Enemy of Our Enemy
By PETER BERGEN
Published: March 28, 2006
BUSH administration defenders, right-wing bloggers and neoconservative publications are crowing about Iraqi documents newly released by the Pentagon that, they say, prove that Al Qaeda and Saddam Hussein were in league.
Even though the 9/11 commission found no "collaborative relationship" between the ultrafundamentalist Osama bin Laden and the secular Saddam Hussein, the administration's reiterations of a supposed connection — Vice President Dick Cheney has argued that the evidence for such an alliance was "overwhelming" — have convinced two out of three Americans that they had "strong" links.

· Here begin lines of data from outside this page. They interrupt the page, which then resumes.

lemma cauchy_gap_adapted:
  assumes "sigma_algebra \<Omega> (F t)"
    and adapted: "\<And>m. m \<le> t \<Longrightarrow> a m \<in> borel_measurable (sigma \<Omega> (F t))"
  shows "{\<omega>\<in>\<Omega>. cauchy_gap N a t \<omega>} \<in> F t"
proof -
  have "{\<omega>\<in>\<Omega>. cauchy_gap N a t \<omega>} = (\<Union>k. \<Union>m\<in>{N k..t}. \<Union>n\<in>{N k..t}.
          {\<omega>\<in>space (sigma \<Omega> (F t)). 2 / real (k + 1) < \<bar>a m \<omega> - a n \<omega>\<bar>})"
    unfolding cauchy_gap_def space_measure_of_conv by force
  also have "\<dots> \<in> sets (sigma \<Omega> (F t))"
    using adapted by (intro sets.countable_UN sets.finite_UN finite_atLeastAtMost ballI
        borel_measurable_iff_greater[THEN iffD1] borel_measurable_abs borel_measurable_diff) auto
  finally show ?thesis
    using assms(1) by (simp add: sigma_algebra.sets_measure_of_eq)
qed

lemma suminf_ennreal_halves: "0 \<le> \<epsilon> \<Longrightarrow> (\<Sum>k. ennreal (\<epsilon> / 2 ^ (k + 1))) = ennreal \<epsilon>"
proof -
  assume "0 \<le> \<epsilon>"
  have sums: "(\<lambda>k. \<epsilon> / 2 ^ (k + 1)) sums \<epsilon>"
    using sums_mult[OF power_half_series, of \<epsilon>] by (simp add: field_simps)
  then show ?thesis
    using \<open>0 \<le> \<epsilon>\<close> by (simp add: suminf_ennreal2 sums_summable sums_unique[symmetric])
qed

lemma emeasure_cauchy_gap_le:
  fixes a :: "nat \<Rightarrow> 'a \<Rightarrow> real"
  assumes measurable: "\<And>n. a n \<in> borel_measurable M"
    and tail: "\<And>k. emeasure M {\<omega>\<in>space M. \<exists>n\<ge>N k. 1 / real (k + 1) < \<bar>a n \<omega> - c\<bar>}
                      \<le> ennreal (\<epsilon> / 2 ^ (k + 1))"
    and \<epsilon>: "0 \<le> \<epsilon>"
  shows "emeasure M {\<omega>\<in>space M. \<exists>t. cauchy_gap N a t \<omega>} \<le> ennreal \<epsilon>"
proof -
  define B where "B k = {\<omega>\<in>space M. \<exists>n\<ge>N k. 1 / real (k + 1) < \<bar>a n \<omega> - c\<bar>}" for k
  have B_sets: "B k \<in> sets M" for k
  proof -
    have "B k = (\<Union>n\<in>{N k..}. {\<omega>\<in>space M. 1 / real (k + 1) < \<bar>a n \<omega> - c\<bar>})"
      unfolding B_def by auto
    also have "\<dots> \<in> sets M"
      using measurable by measurable
    finally show ?thesis .
  qed
  have "{\<omega>\<in>space M. \<exists>t. cauchy_gap N a t \<omega>} \<subseteq> (\<Union>k. B k)"
  proof clarify
    fix \<omega> t assume "\<omega> \<in> space M" "cauchy_gap N a t \<omega>"
    then obtain k m n where kmn: "N k \<le> m" "N k \<le> n" "2 / real (k + 1) < \<bar>a m \<omega> - a n \<omega>\<bar>"
      unfolding cauchy_gap_def by blast
    then have "1 / real (k + 1) < \<bar>a m \<omega> - c\<bar> \<or> 1 / real (k + 1) < \<bar>a n \<omega> - c\<bar>"
      by (auto simp: add_divide_distrib[symmetric])
    with \<open>\<omega> \<in> space M\<close> kmn show "\<omega> \<in> (\<Union>k. B k)"
      unfolding B_def by blast
  qed
  then have "emeasure M {\<omega>\<in>space M. \<exists>t. cauchy_gap N a t \<omega>} \<le> emeasure M (\<Union>k. B k)"
    using B_sets by (intro emeasure_mono) auto
  also have "\<dots> \<le> (\<Sum>k. emeasure M (B k))"
    using B_sets by (intro emeasure_subadditive_countably) auto
  also have "\<dots> \<le> (\<Sum>k. ennreal (\<epsilon> / 2 ^ (k + 1)))"
    using tail by (intro suminf_le summableI) (simp add: B_def)
  finally show ?thesis
    using suminf_ennreal_halves[OF \<epsilon>] by simp
qed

Some administration supporters have drawn an analogy to the 1939 Molotov-Ribbentrop pact, in which Stalin and Hitler put aside ideology in favor of pragmatic goals (carving up the Baltic states, Poland and Finland). But history is not a good guide here: not only was the ideological divide between Al Qaeda and Baathist Iraq far greater than that between the two 20th-century dictators, but unlike Nazi Germany and the Soviet Union, the two sides had nothing practical to gain by working together.

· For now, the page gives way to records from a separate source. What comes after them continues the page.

text \<open>The lopsided local lemma, by induction on the number of avoided constraints: dropping the
  at most \<open>D\<close> constraints of \<open>S\<close> that share a variable with \<open>c\<close> at most halves the number of
  avoiding assignments, and the remaining ones are independent of \<open>c\<close>.\<close>
lemma card_violating_le:
  assumes "S \<subseteq> C" and "c \<in> C - S"
  shows "real (card {X \<in> avoiding S. violates c X}) \<le> 2 * p * card (avoiding S)"
  using assms
proof (induction "card S" arbitrary: S c rule: less_induct)
  case less
  define T where "T = {j \<in> S. vbl j \<inter> vbl c = {}}"
  have "T \<subseteq> S"
    by (auto simp: T_def)
  have "card {X \<in> avoiding S. violates c X} \<le> card {X \<in> avoiding T. violates c X}"
    using avoiding_antimono[OF \<open>T \<subseteq> S\<close>] by (intro card_mono) auto
  then have "real (card {X \<in> avoiding S. violates c X}) \<le> card {X \<in> avoiding T. violates c X}"
    by simp
  also have "\<dots> \<le> p * card (avoiding T)"
    using less.prems by (intro card_violating_le_independent) (auto simp: T_def)
  also have "\<dots> \<le> 2 * p * card (avoiding S)"
  proof (cases "T = S")
    case True
    then show ?thesis
      using p_nonneg by simp
  next
    case False
    have "finite S"
      using less.prems(1) finite_constraints by (rule finite_subset)
    with False \<open>T \<subseteq> S\<close> have "card T < card S"
      by (intro psubset_card_mono) auto
    have "T \<subseteq> C"
      using \<open>T \<subseteq> S\<close> less.prems(1) by (rule order_trans)
    then have "real (card {X \<in> avoiding T. violates j X}) \<le> 2 * p * card (avoiding T)"
      if "j \<in> S - T" for j
      using less.hyps[OF \<open>card T < card S\<close>] less.prems(1) that by auto
    moreover have "card (S - T) \<le> D"
    proof -
      have "S - T \<subseteq> {c' \<in> C. c' \<noteq> c \<and> vbl c \<inter> vbl c' \<noteq> {}}"
        using less.prems by (auto simp: T_def)
      then have "card (S - T) \<le> dep_degree C vbl c"
        unfolding dep_degree_def using finite_constraints by (intro card_mono) auto
      with dep_degree_le less.prems(2) show ?thesis
        by (meson DiffD1 order_trans)
    qed
    ultimately have "real (card (avoiding T)) * (1 - 2 * p * D) \<le> card (avoiding S)"
      using \<open>T \<subseteq> S\<close> less.prems(1) by (intro card_avoiding_shrink) auto
    moreover have "real (card (avoiding T)) * (1 / 2) \<le> real (card (avoiding T)) * (1 - 2 * p * D)"
      using p_degree by (intro mult_left_mono) auto
    ultimately have "real (card (avoiding T)) \<le> 2 * card (avoiding S)"
      by linarith
    then have "p * card (avoiding T) \<le> p * (2 * card (avoiding S))"
      using p_nonneg by (rule mult_left_mono)
    then show ?thesis
      by (simp add: mult.left_commute)
  qed
  finally show ?case .
qed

What do the new documents establish? According to ABC News's translation of one of the most credible documents, in early 1995 Mr. bin Laden — then living in Sudan — met with an Iraqi government representative and discussed "carrying out joint operations against foreign forces" in Saudi Arabia. The document also noted that the "development of the relationship and cooperation between the two parties" was "to be left according to what's open [in the future] based on dialogue and agreement on other ways of cooperation."

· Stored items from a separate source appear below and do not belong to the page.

(* Let $\zeta_5=e^{2\pi i/5}$. For every $\tau\in\mathbb{H}^2$, $$\zeta_5\,\theta[\tfrac15;\tfrac15]^5+\zeta_5^3\,\theta[\tfrac35;\tfrac15]^5+\theta[1;\tfrac15]^5-\zeta_5^2\,\theta[\tfrac35;\tfrac95]^5-\zeta_5^4\,\theta[\tfrac15;\tfrac95]^5=0,$$ and $$\zeta_5^3\,\theta[\tfrac15;\tfrac35]^5+\zeta_5^4\,\theta[\tfrac35;\tfrac35]^5+\theta[1;\tfrac35]^5-\zeta_5\,\theta[\tfrac35;\tfrac75]^5-\zeta_5^2\,\theta[\tfrac15;\tfrac75]^5=0.$$
   Context: Let $\mathbb{H}^2=\{\tau\in\mathbb{C}:\Im\tau>0\}$. For a characteristic $(\epsilon,\epsilon')\in\mathbb{R}^2$, the theta function with characteristic is $$\theta[\epsilon;\epsilon'](\zeta,\tau)=\sum_{n\in\mathbb{Z}}\exp\Big(2\pi i\Big[\tfrac12\big(n+\tfrac{\epsilon}{2}\big)^2\tau+\big(n+\tfrac{\epsilon}{2}\big)\big(\zeta+\tfrac{\epsilon'}{2}\big)\Big]\Big),\quad (\zeta,\tau)\in\mathbb{C}\times\mathbb{H}^2,$$ (usually written with the column $\left[\begin{smallmatrix}\epsilon\\ \epsilon'\end{smallmatrix}\right]$), and the theta constant is $\theta[\epsilon;\epsilon']=\theta[\epsilon;\epsilon'](0,\tau)$, regarded as a function of $\tau$. *)

theory Defs
  imports "HOL-Analysis.Analysis"
begin

text \<open>Theta function with characteristic (eps, eps'), as a sum over all integers n
  (absolutely convergent for Im tau > 0, so the unordered sum infsum is appropriate).\<close>
definition theta_char :: "real \<Rightarrow> real \<Rightarrow> complex \<Rightarrow> complex \<Rightarrow> complex" where
  "theta_char eps eps' z tau =
     (\<Sum>\<^sub>\<infinity> n\<in>(UNIV::int set).
        exp (2 * pi * \<i> * ((1/2) * (of_int n + of_real (eps/2))^2 * tau
                           + (of_int n + of_real (eps/2)) * (z + of_real (eps'/2)))))"

definition theta_const :: "real \<Rightarrow> real \<Rightarrow> complex \<Rightarrow> complex" where
  "theta_const eps eps' tau = theta_char eps eps' 0 tau"

definition zeta5 :: complex where
  "zeta5 = exp (2 * pi * \<i> / 5)"

end

(* The left-hand side of each identity is a single sum over the integer 5-tuples x whose
   coordinates are odd and pairwise congruent mod 10. Writing x_i = 10 n_i + r, the tuples with
   residue r = 1, 3, 5 give the terms theta[r/5; j/5]^5, those with residue r = 9, 7 give the terms
   theta[(10-r)/5; 2 - j/5]^5, and the phase zeta5^(j x_0) supplies the roots of unity. On this set
   x \<mapsto> x - 2K(1,...,1), where sum x = 5K with K odd, is an involution that preserves sum x^2 and
   multiplies the summand by exp (- pi i j K) = -1 for odd j, so the sum vanishes. *)

theory Submission
  imports Defs
begin

lemma bij_betw_residue_class:
  fixes m r :: int
  assumes "0 \<le> r" "r < m"
  shows "bij_betw (\<lambda>n. m * n + r) UNIV {x. x mod m = r}"
  by (rule bij_betw_byWitness[where f' = "\<lambda>x. x div m"])
     (use assms in \<open>auto simp: mult.commute[of m] minus_mod_eq_mult_div[symmetric]\<close>)

lemma summable_on_int_geometric:
  fixes r :: real
  assumes "0 \<le> r" "r < 1"
  shows "(\<lambda>n::int. r ^ nat \<bar>n\<bar>) summable_on UNIV"
proof -
  have geom: "(\<lambda>n::nat. r ^ n) summable_on UNIV"
    using assms by (intro summable_nonneg_imp_summable_on summable_geometric) auto
  have "(\<lambda>n::int. r ^ nat \<bar>n\<bar>) summable_on range int"
    using geom by (subst summable_on_reindex) (auto simp: o_def)
  moreover have "(\<lambda>n::int. r ^ nat \<bar>n\<bar>) summable_on range (\<lambda>n. - int n)"
    using geom by (subst summable_on_reindex) (auto simp: o_def inj_on_def)
  moreover have "UNIV = range int \<union> range (\<lambda>n. - int n)"
    by (auto simp: image_iff) (metis nonneg_int_cases minus_minus neg_0_le_iff_le nle_le)
  ultimately show ?thesis
    by (metis summable_on_union)
qed

lemma summable_on_int_gaussian:
  fixes c :: real
  assumes "c > 0"
  shows "(\<lambda>n::int. exp (- c * of_int n ^ 2)) summable_on UNIV"
  using summable_on_int_geometric[of "exp (- c)"]
proof (rule summable_on_comparison_test)
  fix n :: int
  have "\<bar>n\<bar> \<le> n ^ 2"
    using le_square[of "nat \<bar>n\<bar>"]
    by (simp add: power2_eq_square abs_mult[symmetric] nat_mult_distrib[symmetric] nat_le_eq_zle)
  then have "- c * of_int n ^ 2 \<le> - c * of_int \<bar>n\<bar>"
    using assms by (intro mult_left_mono_neg) (simp_all flip: of_int_abs of_int_power)
  then show "exp (- c * of_int n ^ 2) \<le> exp (- c) ^ nat \<bar>n\<bar>"
    by (simp add: exp_of_nat_mult[symmetric] mult_ac)
qed (use assms in auto)

(* The summand of theta[r/5; j/5] in the variable x = 10 n + r, in which it no longer depends on r. *)
definition gauss_term :: "int \<Rightarrow> complex \<Rightarrow> int \<Rightarrow> complex" where
  "gauss_term j \<tau> x = exp (pi * \<i> * (\<tau> * of_int x ^ 2 / 100 + of_int j * of_int x / 50))"

lemma norm_gauss_term: "norm (gauss_term j \<tau> x) = exp (- (pi * Im \<tau> / 100) * of_int x ^ 2)"
  by (simp add: gauss_term_def)

lemma abs_summable_gauss_term:
  assumes "Im \<tau> > 0"
  shows "(\<lambda>x. norm (gauss_term j \<tau> x)) summable_on UNIV"
  unfolding norm_gauss_term by (rule summable_on_int_gaussian) (use assms in simp)

lemma gauss_term_uminus: "gauss_term j \<tau> (- x) = gauss_term (- j) \<tau> x"
  by (simp add: gauss_term_def)

lemma theta_const_eq_infsum_gauss_term:
  assumes "0 \<le> \<rho>" "\<rho> < 10"
  shows "theta_const (of_int \<rho> / 5) (of_int j / 5) \<tau> = (\<Sum>\<^sub>\<infinity>x\<in>{x. x mod 10 = \<rho>}. gauss_term j \<tau> x)"
proof -
  have "theta_const (of_int \<rho> / 5) (of_int j / 5) \<tau> = (\<Sum>\<^sub>\<infinity>n. gauss_term j \<tau> (10 * n + \<rho>))"
    unfolding theta_const_def theta_char_def gauss_term_def
    by (intro infsum_cong arg_cong[where f = exp]) (simp add: field_simps power2_eq_square)
  also have "\<dots> = (\<Sum>\<^sub>\<infinity>x\<in>{x. x mod 10 = \<rho>}. gauss_term j \<tau> x)"
    using bij_betw_residue_class[of \<rho> 10] assms by (intro infsum_reindex_bij_betw) auto
  finally show ?thesis .
qed

lemma theta_const_char_shift: "theta_const e (e' + 2) \<tau> = exp (\<i> * of_real (pi * e)) * theta_const e e' \<tau>"
proof -
  have "exp (2 * pi * \<i> * (A + (of_int n + of_real (e / 2)) * (0 + of_real ((e' + 2) / 2))))
      = exp (\<i> * of_real (pi * e)) * exp (2 * pi * \<i> * (A + (of_int n + of_real (e / 2)) * (0 + of_real (e' / 2))))"
    for A n
    unfolding exp_add[symmetric] exp_eq by (intro exI[of _ n]) (simp add: field_simps)
  then show ?thesis
    unfolding theta_const_def theta_char_def by (simp add: infsum_cmult_right')
qed

lemma infsum_residue_class_uminus:
  fixes f :: "int \<Rightarrow> 'a::{comm_monoid_add,t2_space}"
  assumes "0 \<le> r" "r < m"
  shows "(\<Sum>\<^sub>\<infinity>x\<in>{x. x mod m = r}. f (- x)) = (\<Sum>\<^sub>\<infinity>x\<in>{x. x mod m = (- r) mod m}. f x)"
proof (rule infsum_reindex_bij_witness[of _ uminus uminus])
  fix x :: int assume "x \<in> {x. x mod m = (- r) mod m}"
  then have "(- x) mod m = (- ((- r) mod m)) mod m" by (intro mod_minus_cong) simp
  then show "- x \<in> {x. x mod m = r}" using assms by (simp add: mod_minus_eq)
qed (auto intro: mod_minus_cong)

lemma theta_const_reflected_eq_infsum_gauss_term:
  assumes "0 \<le> \<rho>" "\<rho> < 10"
  shows "theta_const (of_int \<rho> / 5) (2 - of_int j / 5) \<tau>
           = exp (\<i> * of_real (pi * of_int \<rho> / 5)) * (\<Sum>\<^sub>\<infinity>x\<in>{x. x mod 10 = (- \<rho>) mod 10}. gauss_term j \<tau> x)"
proof -
  have "theta_const (of_int \<rho> / 5) (2 - of_int j / 5) \<tau>
          = exp (\<i> * of_real (pi * of_int \<rho> / 5)) * theta_const (of_int \<rho> / 5) (of_int (- j) / 5) \<tau>"
    using theta_const_char_shift[of "of_int \<rho> / 5" "of_int (- j) / 5" \<tau>] by (simp add: add.commute)
  also have "theta_const (of_int \<rho> / 5) (of_int (- j) / 5) \<tau> = (\<Sum>\<^sub>\<infinity>x\<in>{x. x mod 10 = \<rho>}. gauss_term j \<tau> (- x))"
    unfolding gauss_term_uminus by (rule theta_const_eq_infsum_gauss_term) (use assms in auto)
  also have "\<dots> = (\<Sum>\<^sub>\<infinity>x\<in>{x. x mod 10 = (- \<rho>) mod 10}. gauss_term j \<tau> x)"
    by (rule infsum_residue_class_uminus) (use assms in auto)
  finally show ?thesis .
qed

definition lattice_term :: "int \<Rightarrow> complex \<Rightarrow> (nat \<Rightarrow> int) \<Rightarrow> complex" where
  "lattice_term j \<tau> x = exp (2 * pi * \<i> * of_int (j * x 0) / 5) * (\<Prod>i<5. gauss_term j \<tau> (x i))"

definition residue_box :: "int \<Rightarrow> (nat \<Rightarrow> int) set" where
  "residue_box r = PiE {..<5} (\<lambda>_. {x. x mod 10 = r})"

lemma residue_boxD: "x \<in> residue_box r \<Longrightarrow> i < 5 \<Longrightarrow> x i mod 10 = r"
  unfolding residue_box_def by (drule PiE_mem[of _ _ _ i]) auto

lemma residue_box_disjoint: "r \<noteq> r' \<Longrightarrow> residue_box r \<inter> residue_box r' = {}"
  using residue_boxD[of _ _ 0, simplified] by blast

lemma summable_on_lattice_term:
  assumes "Im \<tau> > 0"
  shows "lattice_term j \<tau> summable_on PiE {..<5} (\<lambda>_. UNIV)"
proof -
  have "(\<lambda>x. norm (\<Prod>i<5::nat. gauss_term j \<tau> (x i))) summable_on PiE {..<5} (\<lambda>_. UNIV)"
    using abs_summable_gauss_term[OF assms]
    by (intro abs_summable_equivalent[THEN iffD2] abs_summable_on_prod_PiE)
       (auto simp: abs_summable_equivalent[symmetric])
  then have "(\<lambda>x. norm (lattice_term j \<tau> x)) summable_on PiE {..<5} (\<lambda>_. UNIV)"
    by (simp add: lattice_term_def norm_mult)
  then show ?thesis
    by (rule abs_summable_summable)
qed

lemma exp_2pi_div5_cong:
  assumes "x mod 5 = y mod 5"
  shows "exp (2 * pi * \<i> * of_int x / 5) = exp (2 * pi * \<i> * of_int y / 5)"
proof -
  obtain d where "y = x + 5 * d"
    using assms by (rule mod_eqE)
  then show ?thesis
    unfolding exp_eq by (intro exI[of _ "- d"]) (simp add: field_simps)
qed

lemma infsum_lattice_term_residue_box:
  assumes "Im \<tau> > 0"
  shows "infsum (lattice_term j \<tau>) (residue_box r)
           = exp (2 * pi * \<i> * of_int (j * r) / 5) * (\<Sum>\<^sub>\<infinity>x\<in>{x. x mod 10 = r}. gauss_term j \<tau> x) ^ 5"
proof -
  have phase: "exp (2 * pi * \<i> * of_int (j * x 0) / 5) = exp (2 * pi * \<i> * of_int (j * r) / 5)"
    if "x \<in> residue_box r" for x
  proof (rule exp_2pi_div5_cong)
    have "x 0 mod 10 = r"
      using that by (rule residue_boxD) simp
    then have "x 0 mod 5 = r mod 5"
      using mod_mod_cancel[of 5 10 "x 0"] by simp
    then show "(j * x 0) mod 5 = (j * r) mod 5"
      by (intro mod_mult_cong) simp_all
  qed
  have "infsum (lattice_term j \<tau>) (residue_box r)
          = (\<Sum>\<^sub>\<infinity>x\<in>residue_box r. exp (2 * pi * \<i> * of_int (j * r) / 5) * (\<Prod>i<5. gauss_term j \<tau> (x i)))"
    by (rule infsum_cong) (simp only: lattice_term_def phase)
  also have "\<dots> = exp (2 * pi * \<i> * of_int (j * r) / 5) * (\<Prod>i<5::nat. \<Sum>\<^sub>\<infinity>x\<in>{x. x mod 10 = r}. gauss_term j \<tau> x)"
    unfolding residue_box_def infsum_cmult_right'
    using summable_on_subset_banach[OF abs_summable_gauss_term[OF assms]]
    by (subst infsum_prod_PiE_abs) auto
  finally show ?thesis
    by simp
qed

definition odd_lattice :: "(nat \<Rightarrow> int) set" where
  "odd_lattice = (\<Union>r\<in>{1,3,5,7,9}. residue_box r)"

definition lattice_reflection :: "(nat \<Rightarrow> int) \<Rightarrow> nat \<Rightarrow> int" where
  "lattice_reflection x = restrict (\<lambda>i. x i - 2 * ((\<Sum>k<5. x k) div 5)) {..<5}"

lemma mem_odd_lattice_iff:
  "x \<in> odd_lattice \<longleftrightarrow> x \<in> extensional {..<5} \<and> (\<exists>r. odd r \<and> (\<forall>i<5. x i mod 10 = r))"
proof
  assume "x \<in> odd_lattice"
  then obtain r where "r \<in> {1,3,5,7,9}" "x \<in> PiE {..<5} (\<lambda>_. {x. x mod 10 = r})"
    by (auto simp: odd_lattice_def residue_box_def)
  then show "x \<in> extensional {..<5} \<and> (\<exists>r. odd r \<and> (\<forall>i<5. x i mod 10 = r))"
    by (intro conjI exI[of _ r]) (auto simp: PiE_iff)
next
  assume "x \<in> extensional {..<5} \<and> (\<exists>r. odd r \<and> (\<forall>i<5. x i mod 10 = r))"
  then obtain r where x: "x \<in> extensional {..<5}" "odd r" "\<And>i. i < 5 \<Longrightarrow> x i mod 10 = r"
    by blast
  have "r = x 0 mod 10"
    using x(3)[of 0] by simp
  then have "r \<in> {1,3,5,7,9}"
    using \<open>odd r\<close> unfolding insert_iff empty_iff by presburger
  moreover have "x \<in> residue_box r"
    using x by (simp add: residue_box_def PiE_iff)
  ultimately show "x \<in> odd_lattice"
    by (auto simp: odd_lattice_def)
qed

The results of this meeting were ... nothing. Two subsequent attacks against American forces in Saudi Arabia — a car bombing that year and the Khobar Towers attack in 1996 — were carried out, respectively, by locals who said they were influenced by Mr. bin Laden and by the Saudi branch of Hezbollah, a Shiite group aided by Iranian government officials.
As for the other new documents, there is one dated Sept. 15, 2001, that outlines contacts between Mr. bin Laden and Iraq, but it is based on an Afghan informant discussing a conversation with another Afghan. It is third-hand hearsay.
And, strangely, another document, dated Aug. 17, 2002, from Iraq's intelligence service explains there is "information from a reliable source" that two Al Qaeda figures were in Iraq and that agents should "search the tourist sites (hotels, residential apartments and rented houses)" for them. If Saddam Hussein and Al Qaeda had a relationship, why was it necessary for Iraqi intelligence to be scouring the country looking for members of the terrorist organization?
Another striking feature about the supposed Qaeda-Iraq connection is that since the fall of the Taliban, not one of the thousands of documents found in Afghanistan substantiate such an alliance, even though Al Qaeda was a highly bureaucratic organization that required potential recruits to fill out application forms.
All this goes to the central problem faced by proponents of the Qaeda-Iraq connection. It's long been known that Iraqi officials were playing footsie with Al Qaeda in the mid-1990's, but these desultory contacts never yielded any cooperation. And why should they have? Al Qaeda was able to carry out the embassy attacks in Africa in 1998, the bombing of the destroyer Cole in 2000 and 9/11 with no help from Iraq. The Iraqi intelligence services, for their part, could handle by themselves low-level jobs like bumping off Iraqi dissidents abroad. And after the botched attempt to assassinate former President George H. W. Bush in Kuwait in 1993, Saddam Hussein never attempted terrorism against an American target again.
We know, too, that Mr. bin Laden had long distrusted Saddam Hussein; months before the Kuwait invasion in 1990 he angrily warned colleagues that Iraq had designs on Persian Gulf states. He even offered his own fighters to the Saudis in that war, making it clear that he yearned for the "infidel" dictator to be overthrown.
If there was a method to Saddam Hussein's madness, it was that he wanted to remain in power. Al Qaeda, however, wanted theocratic regime change across the Middle East. In the end, their goals and worldviews were diametrically opposed, and no number of sketchy intelligence documents is going to bring them closer.
Peter Bergen, a fellow at the New America Foundation, is the author of "The Osama bin Laden I Know: An Oral History of Al Qaeda's Leader."